96% of the matter in the universe is invisible. Mysterious “dark energy” is pushing all of space apart. Empty space is not really empty, but filled with subatomic “foam.” At least seven parallel universes exist, each a trillionth the size of a proton.

Science fiction? Fantasy? The product of opium hallucinations?

Guess again. According to an article in U.S. News and World Report, these hypothesized phenomena represent the mainstream of current scientific thought.

In the wake of observations reported last March by NASA’s Wilkinson Microwave Anisotropy Probe, astronomers and physicists are resorting to these and other fantastic models to explain anomalous temperature variations in the background radiation permeating the heavens.

And who knows? They may be right. After all, once upon a time a round earth, a heliocentric solar system, and manned flight were all scorned as flights of the wildest fancy. Perhaps entire universes really do exist, wrapped up in a particle of dust beneath your finger nail.

On the other hand, increasingly complex and convoluted theories begin to look like the frantic flailings of scientists drowning in the mysteries of human existence. Indeed, one noted physicist confessed that, if he’d been presented with these theories not long ago, “I’d either ask what you’ve been smoking or tell you to stop telling fairy tales.”

Of course, one almost has to feel sorry for these scientists. Every discovery, every revelation, every insight, opens up a new Pandora’s Box of inexplicable phenomena. A few short decades ago, we knew of about half a dozen known sub-atomic particles. Today there are hundreds, with the number growing all the time, and often only the haziest guesses as to why they exist. Relativity theory and quantum theory both seem to describe the workings of the universe, but only the most strained and unproven theory suggests how to unite these two approaches.

1280It’s almost enough to make one contemplate — dare we say it? — Divine Creation. Indeed, man’s desire to plumb the secrets of the universe is nothing new. Newton, Descartes, Galileo, Aristotle, all of these and many others grappled with physics and metaphysics in their labors to comprehend the vast expanse of time and space that stretches toward the boundaries of existence.

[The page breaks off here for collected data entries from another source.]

(* Let $G$ be a finite simple graph without isolated vertices with $\gamma_t(G)=2$. Then $TDV(v)\le \deg(v)$ for every $v\in V(G)$.
   Context: A set $D \subseteq V(G)$ is a total dominating set of $G$ if every vertex of $G$ has a neighbor in $D$. $\gamma_t(G)$ is the minimum cardinality of a total dominating set; a minimum one is a $\gamma_t(G)$-set. $TDV(v)$ is the number of $\gamma_t(G)$-sets containing $v$. *)

theory Defs
  imports Main
begin

definition simple_graph :: "'a set \<Rightarrow> ('a \<Rightarrow> 'a \<Rightarrow> bool) \<Rightarrow> bool" where
  "simple_graph V E \<longleftrightarrow> finite V \<and> (\<forall>u v. E u v \<longrightarrow> u \<in> V \<and> v \<in> V)
     \<and> (\<forall>u v. E u v \<longrightarrow> E v u) \<and> (\<forall>v. \<not> E v v)"

definition neighbors :: "'a set \<Rightarrow> ('a \<Rightarrow> 'a \<Rightarrow> bool) \<Rightarrow> 'a \<Rightarrow> 'a set" where
  "neighbors V E v = {u \<in> V. E v u}"

definition degree :: "'a set \<Rightarrow> ('a \<Rightarrow> 'a \<Rightarrow> bool) \<Rightarrow> 'a \<Rightarrow> nat" where
  "degree V E v = card (neighbors V E v)"

definition no_isolated :: "'a set \<Rightarrow> ('a \<Rightarrow> 'a \<Rightarrow> bool) \<Rightarrow> bool" where
  "no_isolated V E \<longleftrightarrow> (\<forall>v\<in>V. \<exists>u\<in>V. E v u)"

definition total_dominating :: "'a set \<Rightarrow> ('a \<Rightarrow> 'a \<Rightarrow> bool) \<Rightarrow> 'a set \<Rightarrow> bool" where
  "total_dominating V E D \<longleftrightarrow> D \<subseteq> V \<and> (\<forall>v\<in>V. \<exists>u\<in>D. E v u)"

definition gamma_t :: "'a set \<Rightarrow> ('a \<Rightarrow> 'a \<Rightarrow> bool) \<Rightarrow> nat" where
  "gamma_t V E = Min {card D | D. total_dominating V E D}"

definition gamma_t_sets :: "'a set \<Rightarrow> ('a \<Rightarrow> 'a \<Rightarrow> bool) \<Rightarrow> 'a set set" where
  "gamma_t_sets V E = {D. total_dominating V E D \<and> card D = gamma_t V E}"

definition TDV :: "'a set \<Rightarrow> ('a \<Rightarrow> 'a \<Rightarrow> bool) \<Rightarrow> 'a \<Rightarrow> nat" where
  "TDV V E v = card {D \<in> gamma_t_sets V E. v \<in> D}"

end

theory Submission
  imports Defs
begin

text \<open>When \<open>\<gamma>\<^sub>t(G) = 2\<close>, the vertex \<open>v\<close> of a \<open>\<gamma>\<^sub>t(G)\<close>-set \<open>D\<close> must itself be
  dominated by the other element of \<open>D\<close>, so \<open>D = {v, u}\<close> for a neighbour \<open>u\<close> of \<open>v\<close>.
  Hence \<open>u \<mapsto> {v, u}\<close> maps the neighbourhood of \<open>v\<close> onto all \<open>\<gamma>\<^sub>t(G)\<close>-sets containing \<open>v\<close>.\<close>

lemma finite_neighbors:
  assumes "simple_graph V E"
  shows "finite (neighbors V E v)"
  using assms unfolding simple_graph_def neighbors_def by auto

lemma total_dominating_card_2_containing:
  assumes "simple_graph V E" and "total_dominating V E D" and "card D = 2" and "v \<in> D"
  obtains u where "u \<in> neighbors V E v" and "D = {v, u}"
proof -
  obtain u where u: "u \<in> D" "E v u"
    using assms(2,4) unfolding total_dominating_def by blast
  have "u \<noteq> v"
    using u(2) assms(1) unfolding simple_graph_def by auto
  with assms(3,4) u(1) have "D = {v, u}"
    by (auto simp: card_2_iff)
  moreover have "u \<in> neighbors V E v"
    using u assms(2) unfolding neighbors_def total_dominating_def by auto
  ultimately show ?thesis
    using that by blast
qed

lemma gamma_t_sets_containing_subset:
  assumes "simple_graph V E" and "gamma_t V E = 2"
  shows "{D \<in> gamma_t_sets V E. v \<in> D} \<subseteq> (\<lambda>u. {v, u}) ` neighbors V E v"
proof
  fix D assume "D \<in> {D \<in> gamma_t_sets V E. v \<in> D}"
  then have "total_dominating V E D" "card D = 2" "v \<in> D"
    using assms(2) unfolding gamma_t_sets_def by auto
  with assms(1) show "D \<in> (\<lambda>u. {v, u}) ` neighbors V E v"
    by (elim total_dominating_card_2_containing) auto
qed

theorem lemma2p12:
  fixes V :: "'a set" and E :: "'a \<Rightarrow> 'a \<Rightarrow> bool"
  assumes "simple_graph V E"
    and "no_isolated V E"
    and "gamma_t V E = 2"
    and "v \<in> V"
  shows "TDV V E v \<le> degree V E v"
proof -
  have fin: "finite (neighbors V E v)"
    using assms(1) by (rule finite_neighbors)
  have "TDV V E v \<le> card ((\<lambda>u. {v, u}) ` neighbors V E v)"
    unfolding TDV_def
    using gamma_t_sets_containing_subset[OF assms(1,3)] fin by (intro card_mono) auto
  also have "\<dots> \<le> degree V E v"
    unfolding degree_def using fin by (rule card_image_le)
  finally show ?thesis .
qed

end
(* Let $P[1..m]$ and $S[1..m]$ be strings of the same length $m$ over a totally ordered alphabet. Then $CT(P)=CT(S)$ if and only if $S[\mathcal{GP}_P(i)]\preceq S[i]$ for all $1\le i\le m$.
   Context: A string $S$ is a finite sequence $S[1],S[2],\dots$ over an alphabet $\Sigma$ with a total order $<$; $S[i..j]$ denotes the substring $S[i]\cdots S[j]$ (empty if $i>j$). For positions $i,j$ of $S$, write $S[i]\prec S[j]$ iff either $S[i]<S[j]$, or $S[i]$ and $S[j]$ have the same value and $i<j$; write $S[i]\preceq S[j]$ iff $S[i]\prec S[j]$ or $i=j$. Minimum elements are taken with respect to $\prec$ (leftmost among equal minimal values). Cartesian tree $CT(S)$ of $S[1..n]$: if $S$ is empty, $CT(S)$ is the empty tree; otherwise, if $S[i]$ is the minimum of $S$, $CT(S)$ is the binary tree with root $S[i]$, left subtree $CT(S[1..i-1])$ and right subtree $CT(S[i+1..n])$. Two Cartesian trees are equal when they are equal as (unlabeled, ordered) binary tree shapes. Prefix-parent representation: $\mathcal{PP}_S(i)=\max\{j: 1\le j<i,\ S[j]\prec S[i]\}$ if such $j$ exists, and $\mathcal{PP}_S(i)=i$ otherwise. Prefix-child representation: $\mathcal{PC}_S(1)=1$, and for $i\ge 2$: if $\mathcal{PP}_S(i)=i$, then $\mathcal{PC}_S(i)$ is the index $j\in[1,i-1]$ such that $S[j]$ is the minimum of $S[1..i-1]$; if $\mathcal{PP}_S(i)=i-1$, then $\mathcal{PC}_S(i)=i$; if $\mathcal{PP}_S(i)<i-1$, then $\mathcal{PC}_S(i)$ is the index $j$ with $\mathcal{PP}_S(i)<j<i$ such that $S[j]$ is the minimum of $S[\mathcal{PP}_S(i)+1..i-1]$. Global-parent representation: $\mathcal{GP}_S(i)=j$ if there is an index $j>i$ with $\mathcal{PC}_S(j)=i$ (there is at most one such $j$), and $\mathcal{GP}_S(i)=\mathcal{PP}_S(i)$ otherwise. *)

theory Defs
  imports Main
begin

But long before the first scientist or philosopher raised his eyes to gaze into outer space and contemplate the stars, another man searched inner space seeking understanding. His name was Job.

A righteous man who lost his fortune, his family, and his health, Job questioned whether there was any rhyme or reason to explain the suffering of the righteous and the prosperity of the wicked. And as he sank into the mire of self-pity and nihilism, a Voice from above answered him:

“Where were you when I laid the foundations of the earth?” asked the Almighty. “What is the path where light dwells? And darkness, where is its place, that you may take it to its boundary, that you may understand the paths of its home?”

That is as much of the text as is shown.